Голос профессора задрожал. Глаза набухли слезами и покраснели.
– В тот момент мой отец был готов убить, и я уверен, так бы и произошло. Он бы сделал это без толики сомнения. Но ведь мой рассказ не о мимолетной вспышке гнева, а о ненависти, которая зреет годами. Тогда слушайте дальше.
II
Криками и пинками нас всех погнали наружу. Только на выходе мне удалось разглядеть маму. Она смотрела на меня спокойными умиротворенными глазами. Как будто провожала взглядом. Ее пышные волосы все так же волнами распускались на подушке. И лишь маленькая, еле заметная черная точка виднелась на лбу. И из нее тонкой струйкой вытекала кровь.
А на улице грело нехарактерное для конца сентября солнце. Мы выбегали, ослепленные его яркими лучами, и сразу попадали в разрушенный войной мир. Густой, похожий на снег пепел сгорающего города медленными хлопьями оседал на головах испуганных людей. Дома повсюду изрыгали из себя людей, равнодушно наблюдая дырявыми стенами и пустыми отверстиями выбитых взрывами окон за измученными, голодными и слепыми горожанами. Во дворе стояла целая колонна грузовиков с открытыми кузовами. И пиратов здесь было гораздо больше. Некоторые даже с собаками. Псы облаивали каждого, а особенно нерасторопных зло кусали за ноги, получая одобрительные улыбки от хозяев. Солдаты проворно разделяли людей на группы. Здоровых молодых мужчин и женщин загоняли в одну группу, которая потом грузилась в машины. Стариков и детей гнали дальше к оцеплению.

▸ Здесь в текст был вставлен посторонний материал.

(* Let $f=z^4+f_2z^2+f_3z+f_4\in\mathbb{R}[x,y,z]$ with $f_j\in\mathbb{R}[x,y]$ homogeneous of degree $j$, such that $f$ is strictly positive definite and $f-z^4$ is psd. Assume that $f_2$ is not a square, $f_2\nmid f_3$, and $4f_2f_4-f_3^2$ is square-free. Let $\xi_0,\eta_0\in\mathbb{R}[x,y]$ be forms of degrees $2$ and $3$ with $\eta_0^2+f_2\xi_0^2=4f_2f_4-f_3^2$. Then there exist $\epsilon>0$ and families of binary forms $\xi^{(t)}$ of degree $2$ and $\eta^{(t)}$ of degree $3$, depending continuously on $t\in(-\epsilon,\epsilon)$, with $(\xi^{(0)},\eta^{(0)})=(\xi_0,\eta_0)$, such that for all $|t|<\epsilon$: $(\eta^{(t)})^2+f_3^2=(f_2-t\xi^{(t)})(4f_4-(\xi^{(t)})^2)$, and $f_2-t\xi^{(t)}$ and $4f_4-(\xi^{(t)})^2$ are psd.
   Context: psd: taking only nonnegative values on real points; strictly positive definite: taking positive values at all nonzero real points. Continuity refers to the coefficients of the forms. *)

theory Defs
  imports "HOL-Analysis.Analysis" "HOL-Computational_Algebra.Computational_Algebra"
begin

text \<open>Bivariate real polynomials R[x,y] are represented as real poly poly = (R[x])[y]:
  the outer variable is y, the coefficients are polynomials in x.\<close>

type_synonym bipoly = "real poly poly"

Я шел вдоль наполнявшихся людьми грузовиков и звал родителей. Я был напуган и громко плакал. Казалось, никому нет до меня дела. Я порывался вернуться в подвал. Так хотелось обнять отца и поцеловать маму, но бурный поток серой истощенной массы, подгоняемый звонким лаем и грубыми командами, нес меня прочь к ближайшему перекрестку, где у стены с мешками в узком проходе стоял офицер. Он под пристальным взглядом надменных часовых проверял документы всех выходящих за оцепление. Кого-то пропускал, кого-то уже независимо от возраста и пола возвращал к грузовикам, ставя шестиконечный штампик на паспорте. Таким образом, в некоторых машинах оказывались и дети, отделенные от родителей, и разлученные супруги. Вся эта масса набивалась в кузов, безжалостно трамбовалась прикладами и стонала от боли и неизвестности.

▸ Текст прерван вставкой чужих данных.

lemma tendsto_scaled_difference:
  fixes F :: "real \<Rightarrow> real"
  assumes "(F has_real_derivative F') (at s)"
  shows "((\<lambda>t. t * (F s - F ((1 - 1/t) * s))) \<longlongrightarrow> s * F') at_top"
proof (cases "s = 0")
  case False
  have quotient: "((\<lambda>y. (F y - F s) / (y - s)) \<longlongrightarrow> F') (at s)"
    using assms by (simp add: has_field_derivative_iff)
  have "((\<lambda>t. 1/t :: real) \<longlongrightarrow> 0) at_top"
    using tendsto_inverse_0_at_top[OF filterlim_ident] by (simp add: inverse_eq_divide)
  then have "((\<lambda>t. (1 - 1/t) * s) \<longlongrightarrow> (1 - 0) * s) at_top"
    by (intro tendsto_intros)
  moreover have "eventually (\<lambda>t. (1 - 1/t) * s \<noteq> s) at_top"
    using eventually_gt_at_top[of 0] by eventually_elim (use False in auto)
  ultimately have "filterlim (\<lambda>t. (1 - 1/t) * s) (at s) at_top"
    by (simp add: filterlim_at)
  then have "((\<lambda>t. s * ((F ((1 - 1/t) * s) - F s) / ((1 - 1/t) * s - s))) \<longlongrightarrow> s * F') at_top"
    by (intro tendsto_intros filterlim_compose[OF quotient])
  then show ?thesis
  proof (rule Lim_transform_eventually)
    show "eventually (\<lambda>t. s * ((F ((1 - 1/t) * s) - F s) / ((1 - 1/t) * s - s))
        = t * (F s - F ((1 - 1/t) * s))) at_top"
      using eventually_gt_at_top[of 0] by eventually_elim (use False in \<open>auto simp: field_simps\<close>)
  qed
qed simp

lemma scaled_difference_bound:
  fixes F F' :: "real \<Rightarrow> real"
  assumes der: "\<And>s. 0 \<le> s \<Longrightarrow> s < 1 \<Longrightarrow> (F has_real_derivative F' s) (at s)"
    and F_bound: "\<And>s. 0 \<le> s \<Longrightarrow> s < 1 \<Longrightarrow> \<bar>F s\<bar> \<le> C * (1 - s) powr a"
    and F'_bound: "\<And>s. 0 \<le> s \<Longrightarrow> s < 1 \<Longrightarrow> \<bar>F' s\<bar> \<le> C * (1 - s) powr b"
    and "F 1 = 0" "a \<ge> 0" "t \<ge> 1" "0 \<le> s" "s \<le> 1"
  shows "\<bar>F s * (t * (F s - F ((1 - 1/t) * s)))\<bar> \<le> C\<^sup>2 * (1 + (1 - s) powr (a + b))"
proof -
  consider "s = 0" | "s = 1" | "0 < s" "s < 1" using \<open>0 \<le> s\<close> \<open>s \<le> 1\<close> by linarith
  then show ?thesis
  proof cases
    case 3
    have "0 \<le> C * (1 - s) powr a" using F_bound[of s] 3 by linarith
    then have "C \<ge> 0" using 3 by (simp add: zero_le_mult_iff)
    define r where "r = (1 - 1/t) * s"
    have "0 \<le> r" "r < s" using 3 \<open>t \<ge> 1\<close> by (auto simp: r_def field_simps)
    moreover have "\<And>x. r \<le> x \<Longrightarrow> x \<le> s \<Longrightarrow> (F has_real_derivative F' x) (at x)"
      using der \<open>0 \<le> r\<close> 3 by simp
    ultimately obtain z where z: "r < z" "z < s" and mvt: "F s - F r = (s - r) * F' z"
      using MVT2 by blast
    have "t * (F s - F r) = s * F' z" using mvt \<open>t \<ge> 1\<close> by (simp add: r_def field_simps)
    then have "\<bar>F s * (t * (F s - F r))\<bar> \<le> \<bar>F s\<bar> * \<bar>F' z\<bar>"
      using 3 by (simp add: abs_mult mult_left_le_one_le mult_left_mono)
    also have "\<dots> \<le> (C * (1 - s) powr a) * (C * (1 + (1 - s) powr b))"
    proof (rule mult_mono)
      have "(1 - z) powr b \<le> 1 + (1 - s) powr b"
        using z \<open>0 \<le> r\<close> 3 by (intro powr_le_one_plus_powr) auto
      then show "\<bar>F' z\<bar> \<le> C * (1 + (1 - s) powr b)"
        using F'_bound[of z] z \<open>0 \<le> r\<close> 3 mult_left_mono[OF _ \<open>C \<ge> 0\<close>] by fastforce
    qed (use F_bound 3 \<open>C \<ge> 0\<close> in auto)
    also have "\<dots> = C\<^sup>2 * ((1 - s) powr a + (1 - s) powr (a + b))"
      by (simp add: powr_add power2_eq_square algebra_simps)
    also have "\<dots> \<le> C\<^sup>2 * (1 + (1 - s) powr (a + b))"
      using 3 \<open>a \<ge> 0\<close> by (intro mult_left_mono add_right_mono powr_le1) auto
    finally show ?thesis by (simp add: r_def)
  qed (simp_all add: \<open>F 1 = 0\<close>)
qed

lemma has_integral_mult_scaled_derivative:
  fixes F F' :: "real \<Rightarrow> real"
  assumes cont: "continuous_on {0..1} F"
    and der: "\<And>s. 0 < s \<Longrightarrow> s < 1 \<Longrightarrow> (F has_real_derivative F' s) (at s)"
    and "F 1 = 0"
  shows "((\<lambda>s. F s * (s * F' s)) has_integral - (1/2) * integral {0..1} (\<lambda>s. (F s)\<^sup>2)) {0..1}"
proof -
  let ?P = "\<lambda>s. s * (F s)\<^sup>2 / 2"
  have "((\<lambda>s. (F s)\<^sup>2 / 2 + F s * (s * F' s)) has_integral ?P 1 - ?P 0) {0..1}"
  proof (rule fundamental_theorem_of_calculus_interior)
    show "continuous_on {0..1} ?P" using cont by (intro continuous_intros) auto
    fix x :: real assume "x \<in> {0<..<1}"
    then have "(?P has_real_derivative (F x)\<^sup>2 / 2 + F x * (x * F' x)) (at x)"
      by (auto intro!: derivative_eq_intros der simp: algebra_simps power2_eq_square)
    then show "(?P has_vector_derivative (F x)\<^sup>2 / 2 + F x * (x * F' x)) (at x)"
      by (simp add: has_real_derivative_iff_has_vector_derivative)
  qed simp
  then have "((\<lambda>s. (F s)\<^sup>2 / 2 + F s * (s * F' s)) has_integral 0) {0..1}"
    using \<open>F 1 = 0\<close> by simp
  moreover have "(\<lambda>s. (F s)\<^sup>2) integrable_on {0..1}"
    using cont by (intro integrable_continuous_interval continuous_intros)
  ultimately have "((\<lambda>s. ((F s)\<^sup>2 / 2 + F s * (s * F' s)) - (F s)\<^sup>2 / 2)
      has_integral 0 - integral {0..1} (\<lambda>s. (F s)\<^sup>2) / 2) {0..1}"
    by (intro has_integral_diff has_integral_divide integrable_integral)
  then show ?thesis by simp
qed

lemma tendsto_scaled_difference_integral:
  fixes F F' :: "real \<Rightarrow> real"
  assumes der: "\<And>s. 0 \<le> s \<Longrightarrow> s < 1 \<Longrightarrow> (F has_real_derivative F' s) (at s)"
    and F_bound: "\<And>s. 0 \<le> s \<Longrightarrow> s < 1 \<Longrightarrow> \<bar>F s\<bar> \<le> C * (1 - s) powr a"
    and F'_bound: "\<And>s. 0 \<le> s \<Longrightarrow> s < 1 \<Longrightarrow> \<bar>F' s\<bar> \<le> C * (1 - s) powr b"
    and "F 1 = 0" "a > 0" "a + b > -1"
  shows "((\<lambda>t. t * integral {0..1} (\<lambda>s. F s * (F s - F ((1 - 1/t) * s))))
           \<longlongrightarrow> - (1/2) * integral {0..1} (\<lambda>s. (F s)\<^sup>2)) at_top"
proof -
  define f where "f t s = F s * (t * (F s - F ((1 - 1/t) * s)))" for t s
  define h where "h s = C\<^sup>2 * (1 + (1 - s) powr (a + b))" for s
  have cont: "continuous_on {0..1} F"
    using continuous_on_zero_one_if_decay[OF der F_bound \<open>F 1 = 0\<close> \<open>a > 0\<close>] .
  have f_integrable: "f t integrable_on {0..1}" if "t \<ge> 1" for t
  proof -
    have "(\<lambda>s. (1 - 1/t) * s) ` {0..1} \<subseteq> {0..1}"
      using that by (auto intro!: mult_le_one)
    then have "continuous_on {0..1} (\<lambda>s. F ((1 - 1/t) * s))"
      by (intro continuous_on_compose2[OF cont]) (auto intro: continuous_intros)
    then show ?thesis
      unfolding f_def using cont by (intro integrable_continuous_interval continuous_intros)
  qed
  have h_integrable: "h integrable_on {0..1}"
    unfolding h_def using \<open>a + b > -1\<close>
    by (intro integrable_on_mult_right integrable_add integrable_on_one_minus_powr) auto
  have "((\<lambda>t. integral {0..1} (f (max t 1))) \<longlongrightarrow> integral {0..1} (\<lambda>s. F s * (s * F' s))) at_top"
  proof (rule tendsto_at_topI_sequentially)
    fix X :: "nat \<Rightarrow> real" assume "filterlim X at_top sequentially"
    then have X: "filterlim (\<lambda>k. max (X k) 1) at_top sequentially"
      by (rule filterlim_at_top_mono) auto
    show "(\<lambda>k. integral {0..1} (f (max (X k) 1))) \<longlonglongrightarrow> integral {0..1} (\<lambda>s. F s * (s * F' s))"
    proof (rule dominated_convergence(2)[OF _ h_integrable])
      show "f (max (X k) 1) integrable_on {0..1}" for k by (rule f_integrable) simp
      fix s :: real assume s: "s \<in> {0..1}"
      show "norm (f (max (X k) 1) s) \<le> h s" for k
        using scaled_difference_bound[OF der F_bound F'_bound \<open>F 1 = 0\<close>] s \<open>a > 0\<close>
        by (simp add: f_def h_def)
      have "(F has_real_derivative F' s) (at s)" if "s < 1" using der s that by simp
      then have "((\<lambda>t. f t s) \<longlongrightarrow> F s * (s * F' s)) at_top"
        using s \<open>F 1 = 0\<close> unfolding f_def
        by (cases "s < 1") (auto intro: tendsto_mult_left tendsto_scaled_difference)
      then show "(\<lambda>k. f (max (X k) 1) s) \<longlonglongrightarrow> F s * (s * F' s)"
        by (rule filterlim_compose[OF _ X])
    qed
  qed
  moreover have "integral {0..1} (\<lambda>s. F s * (s * F' s)) = - (1/2) * integral {0..1} (\<lambda>s. (F s)\<^sup>2)"
    using has_integral_mult_scaled_derivative[OF cont der \<open>F 1 = 0\<close>] by (simp add: integral_unique)
  moreover have "eventually (\<lambda>t. integral {0..1} (f (max t 1))
      = t * integral {0..1} (\<lambda>s. F s * (F s - F ((1 - 1/t) * s)))) at_top"
    using eventually_ge_at_top[of 1]
  proof eventually_elim
    case (elim t)
    have "f t = (\<lambda>s. t *\<^sub>R (F s * (F s - F ((1 - 1/t) * s))))"
      by (simp add: fun_eq_iff f_def)
    then show ?case using elim by simp
  qed
  ultimately show ?thesis by (simp add: tendsto_cong)
qed

lemma integral_scaled_difference_cong:
  fixes F F0 :: "real \<Rightarrow> real"
  assumes "\<And>s. 0 \<le> s \<Longrightarrow> s < 1 \<Longrightarrow> F s = F0 s" "t \<ge> 1"
  shows "integral {0..1} (\<lambda>s. F s * (F s - F ((1 - 1/t) * s)))
       = integral {0..1} (\<lambda>s. F0 s * (F0 s - F0 ((1 - 1/t) * s)))"
proof (rule integral_spike[of "{1}"])
  fix s :: real assume "s \<in> {0..1} - {1}"
  then have s: "0 \<le> s" "s < 1" by auto
  moreover have "0 \<le> (1 - 1/t) * s" "(1 - 1/t) * s < 1"
    using s \<open>t \<ge> 1\<close> by (auto intro: le_less_trans[OF mult_left_le_one_le])
  ultimately show "F0 s * (F0 s - F0 ((1 - 1/t) * s)) = F s * (F s - F ((1 - 1/t) * s))"
    using assms(1) by simp
qed simp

Меня ухватила за руку пожилая женщина – та, что закрывала мне лицо в подвале. Мы влились в очередь на выход. Впереди шел старик. Он вел двух девочек приблизительно моего возраста или чуть младше. Девочки плакали, пытались вырваться из его рук и звали маму. Старик нервно смотрел по сторонам и одергивал их, шипя в полголоса. Внезапно одна женщина из числа ожидающих очереди на погрузку, воспользовавшись невнимательностью часовых, с криком кинулась к нам, чтобы обнять своих дочерей, но наткнулась на тревожный взгляд старухи, чуть заметно качнувшей головой. Женщина все поняла. Обняв детей, она бы сразу их выдала, и они, конечно же, оказались бы вместе в одном из грузовиков. Но надолго ли? Никто не знал, куда эти машины поедут, и уж тем более никто не мог быть уверен, что те, кто находится в них, вернутся. Мать испуганно пошатнулась и, озираясь, направилась обратно. Она взобралась в кузов машины и только там смогла дать волю эмоциям. Женщина молча рыдала, до крови кусая губы и… – профессор закрыл глаза.

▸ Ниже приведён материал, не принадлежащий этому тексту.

(* Let $R$ be a commutative ring with nonzero identity, $\delta$ an expansion of ideals of $R$, and $I$ a proper ideal of $R$ with $\sqrt{\delta(I)}=\delta(\sqrt{I})$. If $I$ is a $\delta$-$n$-ideal of $R$, then $\sqrt{I}$ is a $\delta$-$n$-ideal of $R$. In particular, $I$ is a quasi $n$-ideal of $R$ if and only if $\sqrt{I}$ is an $n$-ideal of $R$.
   Context: An expansion of ideals of a ring $R$ is a map $\delta$ from the set of ideals of $R$ to itself such that $I\subseteq\delta(I)$ for every ideal $I$, and $\delta(I)\subseteq\delta(J)$ whenever $I\subseteq J$. $\sqrt{0}$ denotes the nilradical of $R$. Given an expansion $\delta$, a proper ideal $I$ of $R$ is a $\delta$-$n$-ideal if whenever $a,b\in R$ with $ab\in I$ and $a\notin\sqrt{0}$, then $b\in\delta(I)$. A quasi $n$-ideal is a $\delta_1$-$n$-ideal, where $\delta_1(J)=\sqrt{J}$. An $n$-ideal is a proper ideal $I$ such that $ab\in I$ and $a\notin\sqrt{0}$ imply $b\in I$. *)

theory Defs
  imports "HOL-Algebra.Ideal"
begin

definition rad :: "('a, 'b) ring_scheme \<Rightarrow> 'a set \<Rightarrow> 'a set" where
  "rad R I = {a \<in> carrier R. \<exists>n::nat. a [^]\<^bsub>R\<^esub> n \<in> I}"

definition nilrad :: "('a, 'b) ring_scheme \<Rightarrow> 'a set" where
  "nilrad R = rad R {\<zero>\<^bsub>R\<^esub>}"

definition expansion :: "('a, 'b) ring_scheme \<Rightarrow> ('a set \<Rightarrow> 'a set) \<Rightarrow> bool" where
  "expansion R \<delta> \<longleftrightarrow>
     (\<forall>I. ideal I R \<longrightarrow> ideal (\<delta> I) R \<and> I \<subseteq> \<delta> I) \<and>
     (\<forall>I J. ideal I R \<longrightarrow> ideal J R \<longrightarrow> I \<subseteq> J \<longrightarrow> \<delta> I \<subseteq> \<delta> J)"

definition delta_n_ideal :: "('a, 'b) ring_scheme \<Rightarrow> ('a set \<Rightarrow> 'a set) \<Rightarrow> 'a set \<Rightarrow> bool" where
  "delta_n_ideal R \<delta> I \<longleftrightarrow> ideal I R \<and> I \<noteq> carrier R \<and>
     (\<forall>a \<in> carrier R. \<forall>b \<in> carrier R.
        a \<otimes>\<^bsub>R\<^esub> b \<in> I \<longrightarrow> a \<notin> nilrad R \<longrightarrow> b \<in> \<delta> I)"

definition quasi_n_ideal :: "('a, 'b) ring_scheme \<Rightarrow> 'a set \<Rightarrow> bool" where
  "quasi_n_ideal R I \<longleftrightarrow> delta_n_ideal R (rad R) I"

definition n_ideal :: "('a, 'b) ring_scheme \<Rightarrow> 'a set \<Rightarrow> bool" where
  "n_ideal R I \<longleftrightarrow> ideal I R \<and> I \<noteq> carrier R \<and>
     (\<forall>a \<in> carrier R. \<forall>b \<in> carrier R.
        a \<otimes>\<^bsub>R\<^esub> b \<in> I \<longrightarrow> a \<notin> nilrad R \<longrightarrow> b \<in> I)"

end

theory Submission
  imports Defs
begin

text \<open>If \<open>(ab)\<^sup>n \<in> I\<close> with \<open>a\<close> not nilpotent, then \<open>a\<^sup>n\<close> is not nilpotent either, so the
  \<open>\<delta>\<close>-\<open>n\<close>-property of \<open>I\<close> applied to \<open>a\<^sup>n b\<^sup>n\<close> gives \<open>b\<^sup>n \<in> \<delta>(I)\<close>, i.e. \<open>b \<in> \<surd>\<delta>(I) = \<delta>(\<surd>I)\<close>. The second claim is the
  case \<open>\<delta> = \<surd>\<close>, where the hypothesis holds trivially and \<open>\<surd>\<surd>I = \<surd>I\<close>.\<close>

context cring
begin

lemma nat_pow_in_ideal_mono:
  assumes "ideal I R" "a \<in> carrier R" "a [^] (m::nat) \<in> I" "m \<le> k"
  shows "a [^] k \<in> I"
proof -
  have "a [^] k = a [^] m \<otimes> a [^] (k - m)"
    using assms by (simp add: nat_pow_mult)
  then show ?thesis
    using assms ideal.I_r_closed by fastforce
qed

text \<open>A substitute for the binomial theorem: every monomial of total degree at least
  \<open>m + n\<close> in \<open>a\<close> and \<open>b\<close> lies in \<open>I\<close>.\<close>

lemma monomial_add_pow_in_ideal:
  assumes I: "ideal I R" and a: "a \<in> carrier R" and b: "b \<in> carrier R"
    and am: "a [^] (m::nat) \<in> I" and bn: "b [^] (n::nat) \<in> I"
    and deg: "m + n \<le> i + j + k"
  shows "a [^] i \<otimes> b [^] j \<otimes> (a \<oplus> b) [^] k \<in> I"
  using deg
proof (induction k arbitrary: i j)
  case 0
  then consider "m \<le> i" | "n \<le> j" by linarith
  then show ?case
  proof cases
    case 1
    then have "a [^] i \<in> I" using nat_pow_in_ideal_mono[OF I a am] by blast
    then show ?thesis using I a b ideal.I_r_closed by fastforce
  next
    case 2
    then have "b [^] j \<in> I" using nat_pow_in_ideal_mono[OF I b bn] by blast
    then show ?thesis using I a b ideal.I_l_closed by fastforce
  qed
next
  case (Suc k)
  have "a [^] i \<otimes> b [^] j \<otimes> (a \<oplus> b) [^] Suc k =
      a [^] Suc i \<otimes> b [^] j \<otimes> (a \<oplus> b) [^] k \<oplus> a [^] i \<otimes> b [^] Suc j \<otimes> (a \<oplus> b) [^] k"
    using a b by (simp add: nat_pow_Suc2 m_ac r_distr l_distr)
  moreover have "a [^] Suc i \<otimes> b [^] j \<otimes> (a \<oplus> b) [^] k \<in> I"
    using Suc by (metis add_Suc add_Suc_right)
  moreover have "a [^] i \<otimes> b [^] Suc j \<otimes> (a \<oplus> b) [^] k \<in> I"
    using Suc by (metis add_Suc add_Suc_right)
  ultimately show ?case
    using I by (simp add: additive_subgroup.a_closed ideal.axioms(1))
qed

lemma add_pow_in_ideal:
  assumes "ideal I R" "a \<in> carrier R" "b \<in> carrier R" "a [^] (m::nat) \<in> I" "b [^] (n::nat) \<in> I"
  shows "(a \<oplus> b) [^] (m + n) \<in> I"
  using monomial_add_pow_in_ideal[OF assms, of 0 0 "m + n"] assms(2,3) by simp

lemma ideal_rad:
  assumes I: "ideal I R"
  shows "ideal (rad R I) R"
proof (rule idealI)
  show "ring R" by (rule ring_axioms)
  show "subgroup (rad R I) (add_monoid R)"
  proof (rule a_group[THEN group.subgroupI])
    show "rad R I \<subseteq> carrier (add_monoid R)" by (auto simp: rad_def)
    have "\<zero> [^] (1::nat) \<in> I"
      using I by (simp add: additive_subgroup.zero_closed ideal.axioms(1))
    then show "rad R I \<noteq> {}" unfolding rad_def by blast
  next
    fix x assume "x \<in> rad R I"
    then obtain n where x: "x \<in> carrier R" "x [^] (n::nat) \<in> I" by (auto simp: rad_def)
    have "(\<ominus> x) [^] n = (\<ominus> \<one>) [^] n \<otimes> x [^] n"
    proof -
      have "\<ominus> x = (\<ominus> \<one>) \<otimes> x" using x by (simp add: l_minus)
      then show ?thesis using x by (simp add: pow_mult_distrib[OF m_comm])
    qed
    then have "(\<ominus> x) [^] n \<in> I" using x I ideal.I_l_closed by fastforce
    then show "inv\<^bsub>add_monoid R\<^esub> x \<in> rad R I"
      using x by (auto simp: rad_def a_inv_def[symmetric])
  next
    fix x y assume "x \<in> rad R I" "y \<in> rad R I"
    then obtain m n where x: "x \<in> carrier R" "x [^] (m::nat) \<in> I"
      and y: "y \<in> carrier R" "y [^] (n::nat) \<in> I" by (auto simp: rad_def)
    have "(x \<oplus> y) [^] (m + n) \<in> I" by (rule add_pow_in_ideal[OF I x(1) y(1) x(2) y(2)])
    then show "x \<otimes>\<^bsub>add_monoid R\<^esub> y \<in> rad R I"
      using x y by (auto simp: rad_def)
  qed
next
  fix a x assume "a \<in> rad R I" "x \<in> carrier R"
  then obtain n where a: "a \<in> carrier R" "a [^] (n::nat) \<in> I" and x: "x \<in> carrier R"
    by (auto simp: rad_def)
  have "(x \<otimes> a) [^] n = x [^] n \<otimes> a [^] n" using a x by (simp add: pow_mult_distrib m_comm)
  then have "(x \<otimes> a) [^] n \<in> I" using a x I ideal.I_l_closed by fastforce
  then show "x \<otimes> a \<in> rad R I" using a x by (auto simp: rad_def)
  then show "a \<otimes> x \<in> rad R I" using a x by (simp add: m_comm)
qed

lemma subset_rad: "I \<subseteq> carrier R \<Longrightarrow> I \<subseteq> rad R I"
  unfolding rad_def by (force intro: exI[of _ "1::nat"])

lemma rad_rad: "rad R (rad R I) = rad R I"
proof
  show "rad R (rad R I) \<subseteq> rad R I"
    unfolding rad_def by (auto simp: nat_pow_pow)
  show "rad R I \<subseteq> rad R (rad R I)"
    by (rule subset_rad) (auto simp: rad_def)
qed

lemma nat_pow_notin_nilrad:
  assumes "a \<in> carrier R" "a \<notin> nilrad R"
  shows "a [^] (n::nat) \<notin> nilrad R"
  using assms unfolding nilrad_def rad_def by (auto simp: nat_pow_pow)

lemma rad_neq_carrier:
  assumes "ideal I R" "I \<noteq> carrier R"
  shows "rad R I \<noteq> carrier R"
proof
  assume "rad R I = carrier R"
  then have "\<one> \<in> rad R I" by simp
  then have "\<one> \<in> I" by (auto simp: rad_def)
  then show False using assms ideal.one_imp_carrier by blast
qed

lemma delta_n_ideal_rad_mult:
  assumes "delta_n_ideal R \<delta> I" "a \<in> carrier R" "b \<in> carrier R"
    and "a \<otimes> b \<in> rad R I" "a \<notin> nilrad R"
  shows "b \<in> rad R (\<delta> I)"
proof -
  obtain n where "(a \<otimes> b) [^] (n::nat) \<in> I" using assms(4) by (auto simp: rad_def)
  then have "a [^] n \<otimes> b [^] n \<in> I" using assms(2,3) by (simp add: pow_mult_distrib[OF m_comm])
  then have "b [^] n \<in> \<delta> I"
    using assms nat_pow_notin_nilrad unfolding delta_n_ideal_def by blast
  then show ?thesis using assms(3) unfolding rad_def by blast
qed

lemma delta_n_ideal_rad:
  assumes "delta_n_ideal R \<delta> I" "rad R (\<delta> I) = \<delta> (rad R I)"
  shows "delta_n_ideal R \<delta> (rad R I)"
proof -
  have "ideal I R" "I \<noteq> carrier R"
    using assms(1) by (simp_all add: delta_n_ideal_def)
  then show ?thesis
    using delta_n_ideal_rad_mult[OF assms(1)] assms(2) ideal_rad rad_neq_carrier
    unfolding delta_n_ideal_def[of R \<delta> "rad R I"] by auto
qed

lemma quasi_n_ideal_iff_n_ideal_rad:
  assumes "ideal I R" "I \<noteq> carrier R"
  shows "quasi_n_ideal R I \<longleftrightarrow> n_ideal R (rad R I)"
proof
  assume "quasi_n_ideal R I"
  then have "delta_n_ideal R (rad R) (rad R I)"
    unfolding quasi_n_ideal_def by (rule delta_n_ideal_rad) (rule refl)
  then show "n_ideal R (rad R I)"
    unfolding delta_n_ideal_def n_ideal_def rad_rad .
next
  assume "n_ideal R (rad R I)"
  moreover have "I \<subseteq> rad R I"
    using assms(1) by (simp add: subset_rad ideal.axioms(1) additive_subgroup.a_subset)
  ultimately show "quasi_n_ideal R I"
    using assms unfolding quasi_n_ideal_def delta_n_ideal_def n_ideal_def by blast
qed

end

theorem proposition2p17:
  fixes R (structure) and \<delta> :: "'a set \<Rightarrow> 'a set" and I :: "'a set"
  assumes "cring R" and "\<one>\<^bsub>R\<^esub> \<noteq> \<zero>\<^bsub>R\<^esub>"
    and "expansion R \<delta>"
    and "ideal I R" and "I \<noteq> carrier R"
    and "rad R (\<delta> I) = \<delta> (rad R I)"
  shows "(delta_n_ideal R \<delta> I \<longrightarrow> delta_n_ideal R \<delta> (rad R I))
     \<and> (quasi_n_ideal R I \<longleftrightarrow> n_ideal R (rad R I))"
  using cring.delta_n_ideal_rad[OF assms(1) _ assms(6)]
    cring.quasi_n_ideal_iff_n_ideal_rad[OF assms(1,4,5)]
  by blast

end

Крупные капли скользнули по морщинистым щекам. Он некоторое время молчал. Потом набрал полную грудь воздуха и выдохнул:
– Она рвала на себе волосы. Когда ребенок теряет родителей – это горе. Но нет горя страшнее, чем горе матери, потерявшей детей.
Тем временем мы неминуемо приближались к пропускному пункту. «Не оборачивайся и молчи, что бы ни случилось,» – услышал я голос сверху. «Reisepass?
» – спросил офицер. Женщина аккуратно достала из потрепанной сумки пожелтевшие документы, обтянутые резинкой. Военный, не утруждая себя лишними манипуляциями, порвал резинку и выкинул на землю. Потом долго вчитывался в фамилии и внимательно исподлобья осматривал стоящих перед ним людей.
– Sind das ihre kinder?
– Что вы, пан офицер, – затараторила старуха, – какие дети? Это внуки. Наша дочь, бедняжка, оставила малышей нам, а сама уехала на заработки в деревню. А когда началась бомбежка, мы сразу в подвал…
Офицер отрешенно сверлил меня глазами. Потом его взгляд медленно сполз ниже, и он ткнул меня в грудь указательным пальцем. Потом аккуратно приподнял бронзовый крест покойного Бермана, висящий на моей шее, и кивнул стоящим сзади часовым. Солдаты расступились, открывая нам путь за оцепление. Мы быстрым шагом, не оборачиваясь, удалялись прочь от бушующего хаоса. Три маленьких ребенка, в последний момент вырванных из цепких лап насилия и жестокости двумя неравнодушными пожилыми поляками. Как тут не поверить в чудо?
И только когда мы завернули за угол, старик остановился и крепко обнял дрожащую от страха жену. Женщина вцепилась в его спину и зарыдала.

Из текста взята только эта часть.